## [Data extract]
==============================

lemma relevant_successor:
  assumes "relevant i"
  shows "\<exists>j. relevant j \<and> covers i j"
proof -
  obtain a V where "N \<le> a" "nonempty_open V" and into_i: "fcomp f 1 a ` V \<subseteq> cell i"
    and "cell i \<subseteq> I01"
    using assms unfolding relevant_def by blast
  then obtain V' n u v j where "V' \<subseteq> V" "a < n" "u \<in> V'" "v \<in> V'" "relevant j"
    and j: "cell j \<subseteq> {min (fcomp f 1 n u) (fcomp f 1 n v) + \<delta> / 8 ..
                        max (fcomp f 1 n u) (fcomp f 1 n v) - \<delta> / 8}"
    using late_expansion_covers_relevant_cell[OF \<open>nonempty_open V\<close> \<open>N \<le> a\<close>] by blast
  define s where "s = n - a"
  define p where "p = fcomp f 1 a u"
  define q where "q = fcomp f 1 a v"
  have "p \<in> cell i" "q \<in> cell i"
    using into_i \<open>V' \<subseteq> V\<close> \<open>u \<in> V'\<close> \<open>v \<in> V'\<close> by (auto simp: p_def q_def)
  have "fcomp f 1 n = fcomp f (1 + a) s \<circ> fcomp f 1 a"
    using fcomp_add[of f 1 a s] \<open>a < n\<close> by (simp add: s_def)
  then have "fcomp f 1 n u = fcomp f (1 + a) s p" "fcomp f 1 n v = fcomp f (1 + a) s q"
    by (simp_all add: p_def q_def)
  moreover have "dist (fcomp f (1 + a) s p) ((g ^^ s) p) < \<delta> / 8"
    "dist (fcomp f (1 + a) s q) ((g ^^ s) q) < \<delta> / 8"
    using \<open>N \<le> a\<close> \<open>p \<in> cell i\<close> \<open>q \<in> cell i\<close> \<open>cell i \<subseteq> I01\<close> by (intro shadow; force)+
  ultimately have "\<bar>fcomp f 1 n u - (g ^^ s) p\<bar> < \<delta> / 8" "\<bar>fcomp f 1 n v - (g ^^ s) q\<bar> < \<delta> / 8"
    by (simp_all only: dist_real_def)
  then have "cell j \<subseteq> {min ((g ^^ s) p) ((g ^^ s) q) .. max ((g ^^ s) p) ((g ^^ s) q)}"
    using j Icc_min_max_shrink_subset by blast
  also have "\<dots> \<subseteq> (g ^^ s) ` cell i"
  proof (rule Icc_subset_connected_image)
    show "connected ((g ^^ s) ` cell i)"
      using continuous_on_subset[OF continuous_on_funpow[OF g_maps g_cont] \<open>cell i \<subseteq> I01\<close>]
      by (rule connected_continuous_image) (simp add: cell_def)
  qed fact+
  finally have "covers i j"
    using \<open>a < n\<close> unfolding covers_def s_def by (intro exI[of _ "n - a"]) simp
  then show ?thesis
    using \<open>relevant j\<close> by blast
qed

==============================

## [Brief]
Please return all lines above in which the string "define" is found.

## [Result for this task]
  define s where "s = n - a"
  define p where "p = fcomp f 1 a u"
  define q where "q = fcomp f 1 a v"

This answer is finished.